וַיִּמְכְּרוּ אֶת-יוֹסֵף לַיִּשְׁמְעֵאלִים בְּעֶשְׂרִים כָּסֶף
“And they sold Joseph to the Ishmaelites for twenty pieces of silver.”
Five of the building blocks are active in that single verse: the hook-and-nail consecutive verb (vav), the direct object marker (et — aleph to tav, alpha and omega, first to last) pointing to Joseph as the one being sold, the goad directing toward the Ishmaelites (lamed), the article pointing at the Ishmaelites (hey, merged into the compound), and the house surrounding the price paid (bet). The grammar itself is telling the story.

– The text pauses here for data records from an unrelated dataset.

lemma subgroup_centralizer_Int:
  assumes C: "subgroup C G" and t: "t \<in> carrier G"
  shows "subgroup {s \<in> C. t \<otimes> s = s \<otimes> t} G"
proof (rule subgroupI)
  let ?Z = "{s \<in> C. t \<otimes> s = s \<otimes> t}"
  have CG: "C \<subseteq> carrier G" using subgroup.subset[OF C] .
  show "?Z \<subseteq> carrier G" using CG by auto
  have "\<one> \<in> ?Z" using subgroup.one_closed[OF C] t by simp
  then show "?Z \<noteq> {}" by blast
  show "inv a \<in> ?Z" if "a \<in> ?Z" for a
  proof -
    have a: "a \<in> C" "t \<otimes> a = a \<otimes> t" and ac: "a \<in> carrier G" using that CG by auto
    have "inv a \<otimes> (t \<otimes> a) \<otimes> inv a = inv a \<otimes> (a \<otimes> t) \<otimes> inv a" using a by simp
    then have "t \<otimes> inv a = inv a \<otimes> t" using ac t by (simp add: m_assoc)
    then show ?thesis using subgroup.m_inv_closed[OF C a(1)] by simp
  qed
  show "a \<otimes> b \<in> ?Z" if "a \<in> ?Z" "b \<in> ?Z" for a b
  proof -
    have a: "a \<in> C" "t \<otimes> a = a \<otimes> t" and b: "b \<in> C" "t \<otimes> b = b \<otimes> t" using that by auto
    then have ab: "a \<in> carrier G" "b \<in> carrier G" using CG by auto
    have "t \<otimes> (a \<otimes> b) = a \<otimes> (t \<otimes> b)" using a ab t by (simp flip: m_assoc)
    also have "\<dots> = (a \<otimes> b) \<otimes> t" using b ab t by (simp add: m_assoc)
    finally show ?thesis using subgroup.m_closed[OF C a(1) b(1)] by simp
  qed
qed

lemma inverted_elements_commute:
  assumes C: "subgroup C G" and \<alpha>: "\<alpha> \<in> hom (G\<lparr>carrier := C\<rparr>) G"
    and t: "t \<in> C" "\<alpha> t = inv t" and s: "s \<in> C" "\<alpha> s = inv s"
    and ts: "\<alpha> (t \<otimes> s) = inv (t \<otimes> s)"
  shows "t \<otimes> s = s \<otimes> t"
proof -
  have tc: "t \<in> carrier G" and sc: "s \<in> carrier G"
    using t s subgroup.mem_carrier[OF C] by auto
  have "inv (s \<otimes> t) = inv (t \<otimes> s)"
    using hom_mult[OF \<alpha>, of t s] t s ts tc sc by (simp add: inv_mult_group)
  then show ?thesis using tc sc by (metis inv_inv m_closed)
qed

text \<open>With \<open>T\<close> the set of inverted elements, more than half of \<open>C\<close> lies in \<open>T \<inter> t\<inverse>T\<close>,
  which commutes with \<open>t\<close> by the previous lemma; so the centralizer of \<open>t\<close> in \<open>C\<close> is all of \<open>C\<close>.\<close>
lemma inverted_element_central:
  assumes C: "subgroup C G" "finite C" and \<alpha>: "\<alpha> \<in> hom (G\<lparr>carrier := C\<rparr>) G"
    and large: "3 * card C < 4 * card {c \<in> C. \<alpha> c = inv c}"
    and t: "t \<in> C" "\<alpha> t = inv t" and s: "s \<in> C"
  shows "t \<otimes> s = s \<otimes> t"
proof -
  define T where "T = {c \<in> C. \<alpha> c = inv c}"
  define Z where "Z = {s \<in> C. t \<otimes> s = s \<otimes> t}"
  define B where "B = (\<otimes>) (inv t) ` T"
  have CG: "C \<subseteq> carrier G" using subgroup.subset[OF C(1)] .
  have TC: "T \<subseteq> C" by (auto simp: T_def)
  have tc: "t \<in> carrier G" using t CG by auto
  have "T \<inter> B \<subseteq> Z"
  proof
    fix s assume "s \<in> T \<inter> B"
    then obtain u where s: "s \<in> T" "u \<in> T" "s = inv t \<otimes> u" by (auto simp: B_def)
    then have "t \<otimes> s = u" using TC CG tc by auto
    then show "s \<in> Z" using inverted_elements_commute[OF C(1) \<alpha> t] s by (auto simp: T_def Z_def)
  qed
  moreover have "B \<subseteq> C"
    using t TC C(1) by (auto simp: B_def intro: subgroup.m_closed subgroup.m_inv_closed)
  moreover have "card B = card T"
    unfolding B_def using TC CG tc by (intro card_image inj_on_g' inv_closed) auto
  ultimately have "2 * card T \<le> card C + card Z"
    using card_add_le_card_Int[OF C(2) TC, of B] card_mono[of Z "T \<inter> B"] C(2)
    by (simp add: Z_def)
  then have "Z = C"
    using subgroup_eq_if_card_less_double[OF subgroup_centralizer_Int[OF C(1) tc] C(1) _ C(2)] large
    by (auto simp: Z_def T_def)
  then show ?thesis using s by (auto simp: Z_def)
qed
(* Let $P$ be a recursively labelled forest poset on $\{1,2,\ldots,n\}$, and for each $i$ let $h_i:=|P_{\geq i}|$ and $\min(P_{\geq i})$ be the smallest integer in $P_{\geq i}$. Then, in $\mathbb{Q}(x_1,x_2,\ldots)$, $$L(P):=\sum_{w \in \mathcal{L}(P)} \mathrm{wt}(w) = \frac{[n]!}{\prod_{i=1}^n F^{\min(P_{\geq i})-1}[h_i]}.$$
   Context: Work in the field $\mathbb{Q}(x_1,x_2,\ldots)$ of rational functions in countably many indeterminates, and let $F$ be the field endomorphism ("Frobenius map") with $F(x_i)=x_{i+1}$ for all $i$. Define $[n]:=x_1+x_2+\cdots+x_n$ (so $F^{j}[n]=x_{j+1}+\cdots+x_{j+n}$), $[0]!:=1$ and $[n]!:=[n]\cdot F([n-1]!)=\prod_{j=0}^{n-1}F^j[n-j]$. For a $k$-element set $S=\{i_1>i_2>\cdots>i_k\}$ of positive integers define $\mathrm{wt}(S):=\frac{\prod_{j=1}^k F^{i_j-1}[j]}{[k]!}$ (with $\mathrm{wt}(\emptyset)=1$). For a permutation $w=(w_1,\ldots,w_n)$ of $\{1,\ldots,n\}$ in one-line notation define $\mathrm{wt}(w)$ recursively: the empty permutation ($n=0$) has weight $1$; otherwise let $k:=w_1-1$, let $S(w):=\{i: w_i\le k\}$, let $a$ be the permutation of $\{1,\ldots,k\}$ obtained by listing the values $w_i\le k$ in order of increasing $i$, and let $\hat b$ be the permutation of $\{1,\ldots,n-k-1\}$ obtained by listing the values $w_i-k-1$ for those $i$ with $w_i>k+1$, in order of increasing $i$; then $\mathrm{wt}(w):=\mathrm{wt}(S(w))\cdot \mathrm{wt}(a)\cdot F^{k+1}(\mathrm{wt}(\hat b))$. A forest poset on $\{1,\ldots,n\}$ is a partial order $<_P$ in which every element covers at most one other element; $P_{\geq i}:=\{j: j\geq_P i\}$ is the subtree rooted at $i$. $P$ is recursively labelled if each $P_{\geq i}$ is an interval of consecutive integers. $\mathcal{L}(P)$ is the set of linear extensions of $P$: permutations $w$ such that $i<_P j$ implies $i$ appears before $j$ in the word $w_1w_2\cdots w_n$. *)

theory Defs
  imports Main
begin
lemma alpha_graceful_extend:
  assumes ys: "alpha_graceful s ys" "hd ys = 2 * s - P" and P: "s < P" "P \<le> 2 * s"
  defines "xs \<equiv> zigzag s (2 * P - 1 - s) (P - s - 1) @ P # map (shift_from s (2 * P - 2 * s)) ys"
  shows "alpha_graceful P xs" and "hd xs = s"
proof -
  let ?Z = "zigzag s (2 * P - 1 - s) (P - s - 1)" and ?M = "map (shift_from s (2 * P - 2 * s)) ys"
  have len: "length ys = 2 * s" and set_ys: "set ys = {0..<2 * s}"
    and diffs_ys: "diffs ys = {1..<2 * s}" and alt: "alternating s ys"
    and last_ys: "last ys = 3 * s - P"
    using ys P by (auto simp: alpha_graceful_def graceful_iff)
  have "ys \<noteq> []"
    using len P by auto
  have set_Z: "set ?Z = {s..<P} \<union> {P + 1..<2 * P - s}"
    using P by (auto simp: set_zigzag)
  have diffs_Z: "diffs ?Z = {2..<2 * P - 2 * s}"
    using P by (auto simp: diffs_zigzag)
  have alt_Z: "alternating P ?Z"
    using P by (simp add: alternating_zigzag)
  have set_M: "set ?M = {0..<s} \<union> {2 * P - s..<2 * P}"
    using P by (simp add: set_ys image_shift_from_atLeastLessThan)
  have diffs_M: "diffs ?M = {2 * P - 2 * s + 1..<2 * P}"
    unfolding diffs_map_shift_from[OF alt] diffs_ys image_add_atLeastLessThan' using P by simp
  have alt_M: "alternating P ?M"
    using P by (simp add: alternating_map_shift_from[OF alt])
  have hd_M: "hd ?M = 2 * s - P" and last_M: "last ?M = P + s"
    using \<open>ys \<noteq> []\<close> ys(2) last_ys P by (simp_all add: hd_map last_map shift_from_def)
  have "length xs = 2 * P"
    using len P by (simp add: xs_def)
  moreover have "set xs = {0..<2 * P}"
    using set_Z set_M P by (auto simp: xs_def)
  moreover have "diffs xs = {1..<2 * P}"
    using diffs_Z diffs_M hd_M P \<open>ys \<noteq> []\<close>
    by (auto simp: xs_def diffs_append diffs_Cons absdiff_def)
  moreover have "alternating P xs"
    using alt_Z alt_M hd_M P \<open>ys \<noteq> []\<close> by (auto simp: xs_def alternating_append alternating_Cons)
  moreover have "hd xs = s" "last xs = P + s"
    using last_M \<open>ys \<noteq> []\<close> by (simp_all add: xs_def)
  ultimately show "alpha_graceful P xs" "hd xs = s"
    by (auto simp: alpha_graceful_def graceful_iff)
qed
lemma projected_generalized_inverse:
  assumes X: "X \<in> carrier_mat n L" and U: "U \<in> carrier_mat m L" and Ec: "Ec \<in> carrier_mat p L"
    and E: "E \<in> carrier_mat n q" and F: "F \<in> carrier_mat p q"
    and D11: "D11 \<in> carrier_mat L L" and V: "V \<in> carrier_mat q L"
    and cs: "consistent_sys D11 V X U Ec E F A0 B0 C0 D0"
    and Xp: "Xp \<in> carrier_mat L n" and XXp: "X * Xp = 1\<^sub>m n"
    and Y: "Y \<in> carrier_mat L m"
    and GYG: "U * (1\<^sub>m L - Xp * X) * Y * (U * (1\<^sub>m L - Xp * X)) = U * (1\<^sub>m L - Xp * X)"
  defines "P \<equiv> U * (1\<^sub>m L - Xp * X) * Y"
  shows "consistent_sys D11 V X U Ec E F
      ((X * D11 - E * V) * Xp - B0 * P * (U * Xp)) (B0 * P)
      ((Ec - F * V) * Xp - D0 * P * (U * Xp)) (D0 * P)"
    and "B0 * P * P = B0 * P" and "D0 * P * P = D0 * P"
proof -
  have G: "U * (1\<^sub>m L - Xp * X) \<in> carrier_mat m L"
    using U Xp X by auto
  have P: "P \<in> carrier_mat m m"
    unfolding P_def using G Y by auto
  have PG: "P * (U * (1\<^sub>m L - Xp * X)) = U * (1\<^sub>m L - Xp * X)"
    unfolding P_def using GYG .
  have "P * P = P * (U * (1\<^sub>m L - Xp * X)) * Y"
    unfolding P_def by (rule assoc_mult_mat[symmetric]) (use G Y in auto)
  then have PP: "P * P = P"
    using PG by (simp add: P_def)
  show "consistent_sys D11 V X U Ec E F
      ((X * D11 - E * V) * Xp - B0 * P * (U * Xp)) (B0 * P)
      ((Ec - F * V) * Xp - D0 * P * (U * Xp)) (D0 * P)"
    by (rule projected_consistent_sys[OF X U Ec E F D11 V cs Xp XXp P PG])
  have "B0 \<in> carrier_mat n m" "D0 \<in> carrier_mat p m"
    using consistent_sys_iff[OF X U Ec E F D11 V, THEN iffD1, OF cs] by auto
  then show "B0 * P * P = B0 * P" and "D0 * P * P = D0 * P"
    using assoc_mult_mat[of _ _ m P m P m] P PP by auto
qed

lemma regulator_imp_data_condition:
  fixes Pi :: "real mat"
  assumes X: "X \<in> carrier_mat n L" and U: "U \<in> carrier_mat m L" and Ec: "Ec \<in> carrier_mat p L"
    and E: "E \<in> carrier_mat n q" and F: "F \<in> carrier_mat p q"
    and D11: "D11 \<in> carrier_mat L L" and V: "V \<in> carrier_mat q L" and S: "S \<in> carrier_mat q q"
    and Xp: "Xp \<in> carrier_mat L n" and XXp: "X * Xp = 1\<^sub>m n"
    and cs: "consistent_sys D11 V X U Ec E F A B C D" and hw: "hurwitz (A + B * (U * Xp))"
    and Y: "Y \<in> carrier_mat L m"
    and BY: "B * (U * (1\<^sub>m L - Xp * X) * Y) = B" and DY: "D * (U * (1\<^sub>m L - Xp * X) * Y) = D"
    and K2: "K2 \<in> carrier_mat m q" and Pi: "Pi \<in> carrier_mat n q"
    and state_eq: "Pi * S = A * Pi + B * (U * Xp * Pi + K2) + E"
    and output_eq: "0\<^sub>m p q = C * Pi + D * (U * Xp * Pi + K2) + F"
  shows "data_condition S D11 V X Ec E F Xp (Xp * Pi + (1\<^sub>m L - Xp * X) * (Y * K2))"
proof -
  note sys = consistent_sys_iff[OF X U Ec E F D11 V, THEN iffD1, OF cs]
  have A: "A \<in> carrier_mat n n" and B: "B \<in> carrier_mat n m"
    and C: "C \<in> carrier_mat p n" and D: "D \<in> carrier_mat p m"
    using sys by auto
  define M where "M = Xp * Pi + (1\<^sub>m L - Xp * X) * (Y * K2)"
  have T: "1\<^sub>m L - Xp * X \<in> carrier_mat L L"
    using Xp X by auto
  have YK: "Y * K2 \<in> carrier_mat L q"
    using Y K2 by simp
  have M: "M \<in> carrier_mat L q"
    unfolding M_def using Xp Pi T YK by simp
  note lift = right_inverse_lift[OF X U Xp XXp Pi YK, folded M_def]
  have "U * (1\<^sub>m L - Xp * X) * (Y * K2) = U * (1\<^sub>m L - Xp * X) * Y * K2"
    by (rule assoc_mult_mat[symmetric, of _ m L]) (use U T Y K2 in auto)
  then have UM: "U * M = U * Xp * (X * M) + U * (1\<^sub>m L - Xp * X) * Y * K2"
    unfolding lift by simp
  note XM = lift(1)
  have UTY: "U * (1\<^sub>m L - Xp * X) * Y \<in> carrier_mat m m" and UXp: "U * Xp \<in> carrier_mat m n"
    using U T Y Xp by auto
  have sys_state: "X * D11 - E * V = A * X + B * U" and sys_output: "Ec - F * V = C * X + D * U"
    using sys by auto
  have "Pi * S - E = A * Pi + B * (U * Xp * Pi + K2)"
    using state_eq mat_eq_add_iff_diff_eq[of "Pi * S" n q "A * Pi + B * (U * Xp * Pi + K2)" E]
      Pi S A B UXp K2 E by auto
  moreover have "(X * D11 - E * V) * M = A * Pi + B * (U * Xp * Pi + K2)"
    using residual_mult_eq[OF A B X U M UXp K2 UTY UM BY] unfolding XM sys_state .
  ultimately have state: "(X * D11 - E * V) * M = X * M * S - E"
    unfolding XM by simp
  have "C * Pi + D * (U * Xp * Pi + K2) = - F"
    using output_eq mat_zero_eq_add_iff[of "C * Pi + D * (U * Xp * Pi + K2)" p q F]
      Pi C D UXp K2 F by auto
  moreover have "(Ec - F * V) * M = C * Pi + D * (U * Xp * Pi + K2)"
    using residual_mult_eq[OF C D X U M UXp K2 UTY UM DY] unfolding XM sys_output .
  ultimately have output_res: "(Ec - F * V) * M = - F"
    by simp
  have "hurwitz ((X * D11 - E * V) * Xp)"
    using hw unfolding sys_state closed_loop_gain_eq[OF A B X U Xp XXp] .
  then show ?thesis
    unfolding data_condition_def right_inverse_def M_def[symmetric]
    using Xp XXp M state output_res carrier_matD[OF X] carrier_matD[OF S] by simp
qed

section \<open>Informativity\<close>

lemma data_conditions_imp_gains_work:
  assumes S: "S \<in> carrier_mat q q" and D11: "D11 \<in> carrier_mat L L" and V: "V \<in> carrier_mat q L"
    and dims: "\<forall>i\<in>{1..N}. X i \<in> carrier_mat (n i) L \<and> U i \<in> carrier_mat (m i) L \<and>
                  Ec i \<in> carrier_mat p L \<and> E i \<in> carrier_mat (n i) q \<and> F i \<in> carrier_mat p q"
    and observer: "hurwitz (observer_mat N S a mu)"
    and dcs: "\<forall>i\<in>{1..N}. data_condition S D11 V (X i) (Ec i) (E i) (F i) (Xp i) (M i)"
  shows "gains_work N S a mu D11 V X U Ec E F (\<lambda>i. U i * Xp i) (\<lambda>i. (U i - U i * Xp i * X i) * M i)"
proof -
  have X: "X i \<in> carrier_mat (n i) L" and U: "U i \<in> carrier_mat (m i) L"
    and Ec: "Ec i \<in> carrier_mat p L" and E: "E i \<in> carrier_mat (n i) q" and F: "F i \<in> carrier_mat p q"
    if "i \<in> {1..N}" for i
    using dims that by auto
  have Xp: "Xp i \<in> carrier_mat L (n i)" and M: "M i \<in> carrier_mat L q" if i: "i \<in> {1..N}" for i
    using data_conditionD[OF dcs[rule_format, OF i] X[OF i] S] by auto
  have K1: "U i * Xp i \<in> carrier_mat (m i) (n i)"
    and K2: "(U i - U i * Xp i * X i) * M i \<in> carrier_mat (m i) q" if i: "i \<in> {1..N}" for i
    using U[OF i] X[OF i] Xp[OF i] M[OF i] by auto
  have dim: "dim_row (X i) = n i" "dim_row (U i) = m i" "dim_row (Ec i) = p" if i: "i \<in> {1..N}" for i
    using X[OF i] U[OF i] Ec[OF i] by auto
  have dim_S: "dim_row S = q"
    using S by simp
  have "hurwitz (closed_loop_mat N S a mu (\<lambda>i. A i + B i * (U i * Xp i))
                  (\<lambda>i. B i * ((U i - U i * Xp i * X i) * M i))) \<and>
        (\<forall>i\<in>{1..N}. \<exists>Pi Gamma.
            Pi \<in> carrier_mat (dim_row (X i)) (dim_row S) \<and> Gamma \<in> carrier_mat (dim_row (U i)) (dim_row S) \<and>
            Gamma = U i * Xp i * Pi + (U i - U i * Xp i * X i) * M i \<and>
            Pi * S = A i * Pi + B i * Gamma + E i \<and>
            0\<^sub>m (dim_row (Ec i)) (dim_row S) = C i * Pi + D i * Gamma + F i)"
    if cs: "\<forall>i\<in>{1..N}. consistent_sys D11 V (X i) (U i) (Ec i) (E i) (F i) (A i) (B i) (C i) (D i)"
    for A B C D
  proof (intro conjI ballI)
    have sys: "A i \<in> carrier_mat (n i) (n i) \<and> B i \<in> carrier_mat (n i) (m i)" if i: "i \<in> {1..N}" for i
      using consistent_sys_iff[OF X[OF i] U[OF i] Ec[OF i] E[OF i] F[OF i] D11 V, THEN iffD1,
          OF cs[rule_format, OF i]] by auto
    note reg = data_condition_imp_regulator[OF X U Ec E F D11 V S cs[rule_format] dcs[rule_format]]
    show "hurwitz (closed_loop_mat N S a mu (\<lambda>i. A i + B i * (U i * Xp i))
                  (\<lambda>i. B i * ((U i - U i * Xp i * X i) * M i)))"
    proof (subst hurwitz_closed_loop_mat_iff[OF S])
      show "\<forall>i\<in>{1..N}. A i + B i * (U i * Xp i) \<in> carrier_mat (n i) (n i) \<and>
                       B i * ((U i - U i * Xp i * X i) * M i) \<in> carrier_mat (n i) q"
        using sys K1 K2 by fastforce
    qed (use reg(1) observer in simp)
    fix i assume i: "i \<in> {1..N}"
    have "U i * M i = U i * Xp i * (X i * M i) + (U i - U i * Xp i * X i) * M i"
      by (rule mult_split_right_inverse[OF U[OF i] Xp[OF i] X[OF i] M[OF i]])
    then show "\<exists>Pi Gamma.
            Pi \<in> carrier_mat (dim_row (X i)) (dim_row S) \<and> Gamma \<in> carrier_mat (dim_row (U i)) (dim_row S) \<and>
            Gamma = U i * Xp i * Pi + (U i - U i * Xp i * X i) * M i \<and>
            Pi * S = A i * Pi + B i * Gamma + E i \<and>
            0\<^sub>m (dim_row (Ec i)) (dim_row S) = C i * Pi + D i * Gamma + F i"
      using reg(2,3)[OF i i i i i i i] X[OF i] U[OF i] M[OF i]
      unfolding dim[OF i] dim_S by (intro exI[of _ "X i * M i"] exI[of _ "U i * M i"]) auto
  qed
  moreover have "U i * Xp i \<in> carrier_mat (dim_row (U i)) (dim_row (X i)) \<and>
      (U i - U i * Xp i * X i) * M i \<in> carrier_mat (dim_row (U i)) (dim_row S)" if i: "i \<in> {1..N}" for i
    unfolding dim[OF i] dim_S using K1[OF i] K2[OF i] by simp
  ultimately show ?thesis
    unfolding gains_work_def by blast
qed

Even if Hebrew linguistics isn’t usually your thing, Lesson 10 was written for curious people who want to understand what they are reading — not for scholars. Give it fifteen minutes. You will see Genesis 37–41 differently after.

Read Hebrew Lesson 10 →


What This Week Is Really Teaching ▶︎

The phrase “the LORD was with Joseph” is not a reward statement. It does not mean: Joseph earned God’s presence through his faithfulness. The chronology of Genesis 39 makes this clear. The phrase appears at the very beginning of his time in Potiphar’s house — before the temptation, before the prison. It frames everything that follows. God was with Joseph because God chose to be with Joseph.

What Joseph chose was how to respond.

He chose to serve faithfully when he could have sulked. He chose integrity when compromise was easy and escape was impossible. He chose humility before Pharaoh when he could have claimed power. He chose, again and again, to orient himself toward God in circumstances that gave him every reason to turn away.

Looking back from the end of the story, we can see how each disaster positioned Joseph for his ultimate role: sold to traders → brought to Egypt; sold to Potiphar → learned household management; falsely imprisoned → met the butler; forgotten for two years → brought to Pharaoh at precisely the right moment. Joseph could not see the pattern while living it. Neither can we. But the narrative is asking us to trust the same thing Joseph trusted — that God is weaving together what seems random and painful.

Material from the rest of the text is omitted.